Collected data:
section \<open>Relabelling maps of the parameter space\<close>

lemma measurable_PiM_reindex:
  assumes "\<rho> \<in> I \<rightarrow> I"
  shows "(\<lambda>x. \<lambda>i\<in>I. x (\<rho> i)) \<in> measurable (PiM I (\<lambda>_. N)) (PiM I (\<lambda>_. N))"
  using assms by (intro measurable_restrict measurable_component_singleton) auto

lemma distr_PiM_reindex_bij:
  assumes fin: "finite I" and \<rho>: "bij_betw \<rho> I I" and N: "sigma_finite_measure N"
  shows "distr (PiM I (\<lambda>_. N)) (PiM I (\<lambda>_. N)) (\<lambda>x. \<lambda>i\<in>I. x (\<rho> i)) = PiM I (\<lambda>_. N)"
proof -
  interpret product_sigma_finite "\<lambda>_. N"
    using N by (simp add: product_sigma_finite_def)
  let ?\<rho>' = "the_inv_into I \<rho>"
  have \<rho>\<rho>': "\<rho> (?\<rho>' j) = j" "?\<rho>' j \<in> I" if "j \<in> I" for j
    using \<rho> that by (auto simp: bij_betw_def f_the_inv_into_f the_inv_into_into)
  have \<rho>'\<rho>: "?\<rho>' (\<rho> i) = i" if "i \<in> I" for i
    using \<rho> that by (auto simp: bij_betw_def the_inv_into_f_f)
  have \<rho>I: "\<rho> \<in> I \<rightarrow> I"
    using \<rho> by (auto simp: bij_betw_def)
  show ?thesis
  proof (rule PiM_eqI[OF fin])
    fix A assume A: "\<And>i. i \<in> I \<Longrightarrow> A i \<in> sets N"
    have "(\<lambda>x. \<lambda>i\<in>I. x (\<rho> i)) -` PiE I A \<inter> space (PiM I (\<lambda>_. N)) = PiE I (\<lambda>j. A (?\<rho>' j))"
      using \<rho>I \<rho>\<rho>' \<rho>'\<rho> sets.sets_into_space[OF A]
      by (auto simp: space_PiM PiE_iff) (metis \<rho>\<rho>', metis \<rho>'\<rho> \<rho>I funcset_mem, metis \<rho>\<rho>'(2) subsetD)
    then have "distr (PiM I (\<lambda>_. N)) (PiM I (\<lambda>_. N)) (\<lambda>x. \<lambda>i\<in>I. x (\<rho> i)) (PiE I A)
        = (\<Prod>j\<in>I. emeasure N (A (?\<rho>' j)))"
      using A \<rho>\<rho>'(2) \<rho>I
      by (subst emeasure_distr) (auto intro!: measurable_PiM_reindex sets_PiM_I_finite fin emeasure_PiM)
    also have "\<dots> = (\<Prod>i\<in>I. emeasure N (A i))"
      using \<rho> \<rho>'\<rho> by (subst prod.reindex_bij_betw[symmetric, OF \<rho>]) auto
    finally show "distr (PiM I (\<lambda>_. N)) (PiM I (\<lambda>_. N)) (\<lambda>x. \<lambda>i\<in>I. x (\<rho> i)) (PiE I A)
        = (\<Prod>i\<in>I. emeasure N (A i))" .
  qed simp
qed

lemma measurable_PiM_shear:
  fixes a :: real
  assumes "c \<in> I" "J \<subseteq> I"
  shows "(\<lambda>x. x(c := a - x c - (\<Sum>h\<in>J. x h))) \<in> measurable (PiM I (\<lambda>_. lborel)) (PiM I (\<lambda>_. lborel))"
proof (rule measurable_fun_upd[where J = I])
  have [measurable]: "(\<lambda>x. x i) \<in> borel_measurable (PiM I (\<lambda>_. lborel :: real measure))" if "i \<in> I" for i
    using measurable_component_singleton[OF that, of "\<lambda>_. lborel"] by simp
  show "(\<lambda>x. a - x c - (\<Sum>h\<in>J. x h)) \<in> measurable (PiM I (\<lambda>_. lborel)) lborel"
    using assms by (auto intro!: borel_measurable_diff borel_measurable_sum)
qed (use assms in auto)

text \<open>Fubini in the coordinate \<open>c\<close>: for fixed other coordinates the shear is the reflection
  \<open>y \<mapsto> t - y\<close> of the real line, which preserves Lebesgue measure.\<close>
lemma distr_PiM_lborel_shear:
  fixes a :: real
  assumes fin: "finite I" and c: "c \<in> I" and J: "J \<subseteq> I - {c}"
  defines "S \<equiv> \<lambda>x. x(c := a - x c - (\<Sum>h\<in>J. x h))"
  shows "distr (PiM I (\<lambda>_. lborel)) (PiM I (\<lambda>_. lborel)) S = PiM I (\<lambda>_. lborel)"
proof (rule measure_eqI)
  interpret product_sigma_finite "\<lambda>_. lborel :: real measure"
    by standard
  let ?P = "PiM I (\<lambda>_. lborel :: real measure)" and ?I' = "I - {c}"
  have I: "I = insert c ?I'" "c \<notin> ?I'" "finite ?I'"
    using c fin by auto
  have S: "S \<in> measurable ?P ?P"
    unfolding S_def using c J by (intro measurable_PiM_shear) auto
  fix A assume "A \<in> sets (distr ?P ?P S)"
  then have A[measurable]: "A \<in> sets ?P"
    by simp
  have reflect: "(\<integral>\<^sup>+y. indicator A (S (x(c := y))) \<partial>lborel) = (\<integral>\<^sup>+y. indicator A (x(c := y)) \<partial>lborel)"
    if x: "x \<in> space (PiM ?I' (\<lambda>_. lborel))" for x
  proof -
    have upd: "(\<lambda>y. x(c := y)) \<in> measurable lborel ?P"
      using measurable_component_update[OF x I(2)] I(1) by simp
    have "(\<Sum>h\<in>J. (x(c := y)) h) = (\<Sum>h\<in>J. x h)" for y
      using J by (intro sum.cong) auto
    then have "S (x(c := y)) = x(c := (a - (\<Sum>h\<in>J. x h)) + (-1) * y)" for y
      by (simp add: S_def algebra_simps)
    moreover have "(\<lambda>y. indicator A (x(c := y)) :: ennreal) \<in> borel_measurable borel"
      using measurable_compose[OF upd borel_measurable_indicator[OF A]] by simp
    ultimately show ?thesis
      using nn_integral_real_affine[of "\<lambda>y. indicator A (x(c := y))" "-1"] by simp
  qed
  have "emeasure (distr ?P ?P S) A = (\<integral>\<^sup>+x. indicator A x \<partial>distr ?P ?P S)"
    by simp
  also have "\<dots> = (\<integral>\<^sup>+x. indicator A (S x) \<partial>?P)"
    by (rule nn_integral_distr[OF S]) simp
  also have "\<dots> = (\<integral>\<^sup>+x. (\<integral>\<^sup>+y. indicator A (S (x(c := y))) \<partial>lborel) \<partial>PiM ?I' (\<lambda>_. lborel))"
    using product_nn_integral_insert[OF I(3) I(2), of "\<lambda>x. indicator A (S x)"] I(1)
      measurable_compose[OF S borel_measurable_indicator[OF A]] by simp
  also have "\<dots> = (\<integral>\<^sup>+x. (\<integral>\<^sup>+y. indicator A (x(c := y)) \<partial>lborel) \<partial>PiM ?I' (\<lambda>_. lborel))"
    by (rule nn_integral_cong) (rule reflect)
  also have "\<dots> = emeasure ?P A"
    using product_nn_integral_insert[OF I(3) I(2), of "indicator A"] I(1) by simp
  finally show "emeasure (distr ?P ?P S) A = emeasure ?P A" .
qed simp

text \<open>Composing with the transposition of \<open>G - 1\<close> and \<open>\<sigma> (G - 1)\<close> makes \<open>\<sigma>\<close> fix
  \<open>G - 1\<close>, giving a permutation of the indices of the free proportions.\<close>
definition relabel_tau_perm :: "nat \<Rightarrow> (nat \<Rightarrow> nat) \<Rightarrow> nat \<Rightarrow> nat" where
  "relabel_tau_perm G \<sigma> = Transposition.transpose (G - 1) (\<sigma> (G - 1)) \<circ> \<sigma>"

definition relabel_index :: "nat \<Rightarrow> nat \<Rightarrow> (nat \<Rightarrow> nat) \<Rightarrow> nat \<Rightarrow> nat" where
  "relabel_index d G \<sigma> i =
     (if i < G * d then \<sigma> (i div d) * d + i mod d else G * d + relabel_tau_perm G \<sigma> (i - G * d))"

lemma relabel_tau_perm_permutes:
  assumes "\<sigma> permutes {..<G}" "G \<ge> 1"
  shows "relabel_tau_perm G \<sigma> permutes {..<G - 1}"
proof -
  have "{..<G} = insert (G - 1) {..<G - 1}"
    using assms(2) by auto
  then show ?thesis
    using permutes_insert_lemma[of \<sigma> "G - 1" "{..<G - 1}"] assms(1)
    by (simp add: relabel_tau_perm_def)
qed

lemma relabel_tau_perm_eq:
  assumes "\<sigma> permutes {..<G}" "j < G - 1" "\<sigma> j \<noteq> G - 1"
  shows "relabel_tau_perm G \<sigma> j = \<sigma> j"
proof -
  have "\<sigma> j \<noteq> \<sigma> (G - 1)"
    using assms(2) permutes_inj[OF assms(1)] by (auto dest: injD)
  then show ?thesis
    using assms(3) by (simp add: relabel_tau_perm_def)
qed

lemma permutes_block_index_less:
  fixes \<sigma> :: "nat \<Rightarrow> nat"
  assumes "\<sigma> permutes {..<G}" "i < G * d"
  shows "\<sigma> (i div d) * d + i mod d < G * d"
proof -
  have "d > 0" "i div d < G"
    using assms(2) by (auto intro: gr0I less_mult_imp_div_less)
  then have "\<sigma> (i div d) < G" "i mod d < d"
    using permutes_in_image[OF assms(1)] by auto
  then have "\<sigma> (i div d) * d + i mod d < (\<sigma> (i div d) + 1) * d"
    by simp
  also have "\<dots> \<le> G * d"
    using \<open>\<sigma> (i div d) < G\<close> by (intro mult_le_mono1) simp
  finally show ?thesis .
qed

lemma block_index_inverse:
  fixes \<pi> \<pi>' :: "nat \<Rightarrow> nat"
  assumes "\<pi>' (\<pi> (i div d)) = i div d" "i < G * d"
  shows "\<pi>' ((\<pi> (i div d) * d + i mod d) div d) * d + (\<pi> (i div d) * d + i mod d) mod d = i"
proof -
  have "d > 0"
    using assms(2) by (auto intro: gr0I)
  then show ?thesis
    using assms(1) by simp
qed

lemma bij_betw_relabel_index:
  assumes \<sigma>: "\<sigma> permutes {..<G}" and G: "G \<ge> 1"
  shows "bij_betw (relabel_index d G \<sigma>) {..<param_dim d G} {..<param_dim d G}"
proof -
  let ?\<tau> = "relabel_tau_perm G \<sigma>"
  have \<tau>: "?\<tau> permutes {..<G - 1}"
    using \<sigma> G by (rule relabel_tau_perm_permutes)
  have inv\<sigma>: "inv \<sigma> permutes {..<G}"
    using \<sigma> by (rule permutes_inv)
  define w where
    "w i = (if i < G * d then inv \<sigma> (i div d) * d + i mod d else G * d + inv ?\<tau> (i - G * d))" for i
  show ?thesis
  proof (rule bij_betw_byWitness[where f' = w])
    show "\<forall>i\<in>{..<param_dim d G}. w (relabel_index d G \<sigma> i) = i"
    proof
      fix i assume "i \<in> {..<param_dim d G}"
      then show "w (relabel_index d G \<sigma> i) = i"
        using block_index_inverse[of "inv \<sigma>" \<sigma> i] permutes_block_index_less[OF \<sigma>, of i d]
          permutes_inverses(2)[OF \<sigma>] permutes_inverses(2)[OF \<tau>]
        by (cases "i < G * d") (simp_all add: w_def relabel_index_def param_dim_def)
    qed
    show "\<forall>i\<in>{..<param_dim d G}. relabel_index d G \<sigma> (w i) = i"
    proof
      fix i assume "i \<in> {..<param_dim d G}"
      then show "relabel_index d G \<sigma> (w i) = i"
        using block_index_inverse[of \<sigma> "inv \<sigma>" i] permutes_block_index_less[OF inv\<sigma>, of i d]
          permutes_inverses(1)[OF \<sigma>] permutes_inverses(1)[OF \<tau>]
        by (cases "i < G * d") (simp_all add: w_def relabel_index_def param_dim_def)
    qed
    show "relabel_index d G \<sigma> ` {..<param_dim d G} \<subseteq> {..<param_dim d G}"
    proof (rule image_subsetI)
      fix i assume "i \<in> {..<param_dim d G}"
      then show "relabel_index d G \<sigma> i \<in> {..<param_dim d G}"
        using permutes_block_index_less[OF \<sigma>, of i d] permutes_in_image[OF \<tau>, of "i - G * d"] G
        by (cases "i < G * d") (auto simp: relabel_index_def param_dim_def)
    qed
    show "w ` {..<param_dim d G} \<subseteq> {..<param_dim d G}"
    proof (rule image_subsetI)
      fix i assume "i \<in> {..<param_dim d G}"
      then show "w i \<in> {..<param_dim d G}"
        using permutes_block_index_less[OF inv\<sigma>, of i d]
          permutes_in_image[OF permutes_inv[OF \<tau>], of "i - G * d"] G
        by (cases "i < G * d") (auto simp: w_def param_dim_def)
    qed
  qed
qed

lemma relabel_eq_reindex_at:
  assumes \<sigma>: "\<sigma> permutes {..<G}" and i: "G * d \<le> i \<and> i < param_dim d G \<longrightarrow> \<sigma> (i - G * d) \<noteq> G - 1"
  shows "relabel d G \<sigma> \<theta> i = (\<lambda>i\<in>{..<param_dim d G}. \<theta> (relabel_index d G \<sigma> i)) i"
proof (cases "G * d \<le> i \<and> i < param_dim d G")
  case True
  then obtain k where k: "i = G * d + k" "k < G - 1"
    by (metis add_less_cancel_left le_add_diff_inverse param_dim_def)
  moreover have "\<sigma> k < G"
    using permutes_in_image[OF \<sigma>] k by auto
  ultimately have "\<sigma> k < G - 1" "relabel_tau_perm G \<sigma> k = \<sigma> k"
    using True i relabel_tau_perm_eq[OF \<sigma>] by auto
  then show ?thesis
    using k by (simp add: relabel_def relabel_index_def mix_tau_def param_dim_def)
next
  case False
  then show ?thesis
    by (cases "i < G * d") (simp_all add: relabel_def relabel_index_def param_dim_def)
qed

▶ **Assignment**
One stretch of the lines above is wanted, from the line that contains "insert (G - 1)" through the line that contains "(\<pi> (i div d))". Output it exactly.

▶ **Exercise response**
  have "{..<G} = insert (G - 1) {..<G - 1}"
    using assms(2) by auto
  then show ?thesis
    using permutes_insert_lemma[of \<sigma> "G - 1" "{..<G - 1}"] assms(1)
    by (simp add: relabel_tau_perm_def)
qed

lemma relabel_tau_perm_eq:
  assumes "\<sigma> permutes {..<G}" "j < G - 1" "\<sigma> j \<noteq> G - 1"
  shows "relabel_tau_perm G \<sigma> j = \<sigma> j"
proof -
  have "\<sigma> j \<noteq> \<sigma> (G - 1)"
    using assms(2) permutes_inj[OF assms(1)] by (auto dest: injD)
  then show ?thesis
    using assms(3) by (simp add: relabel_tau_perm_def)
qed

lemma permutes_block_index_less:
  fixes \<sigma> :: "nat \<Rightarrow> nat"
  assumes "\<sigma> permutes {..<G}" "i < G * d"
  shows "\<sigma> (i div d) * d + i mod d < G * d"
proof -
  have "d > 0" "i div d < G"
    using assms(2) by (auto intro: gr0I less_mult_imp_div_less)
  then have "\<sigma> (i div d) < G" "i mod d < d"
    using permutes_in_image[OF assms(1)] by auto
  then have "\<sigma> (i div d) * d + i mod d < (\<sigma> (i div d) + 1) * d"
    by simp
  also have "\<dots> \<le> G * d"
    using \<open>\<sigma> (i div d) < G\<close> by (intro mult_le_mono1) simp
  finally show ?thesis .
qed

lemma block_index_inverse:
  fixes \<pi> \<pi>' :: "nat \<Rightarrow> nat"
  assumes "\<pi>' (\<pi> (i div d)) = i div d" "i < G * d"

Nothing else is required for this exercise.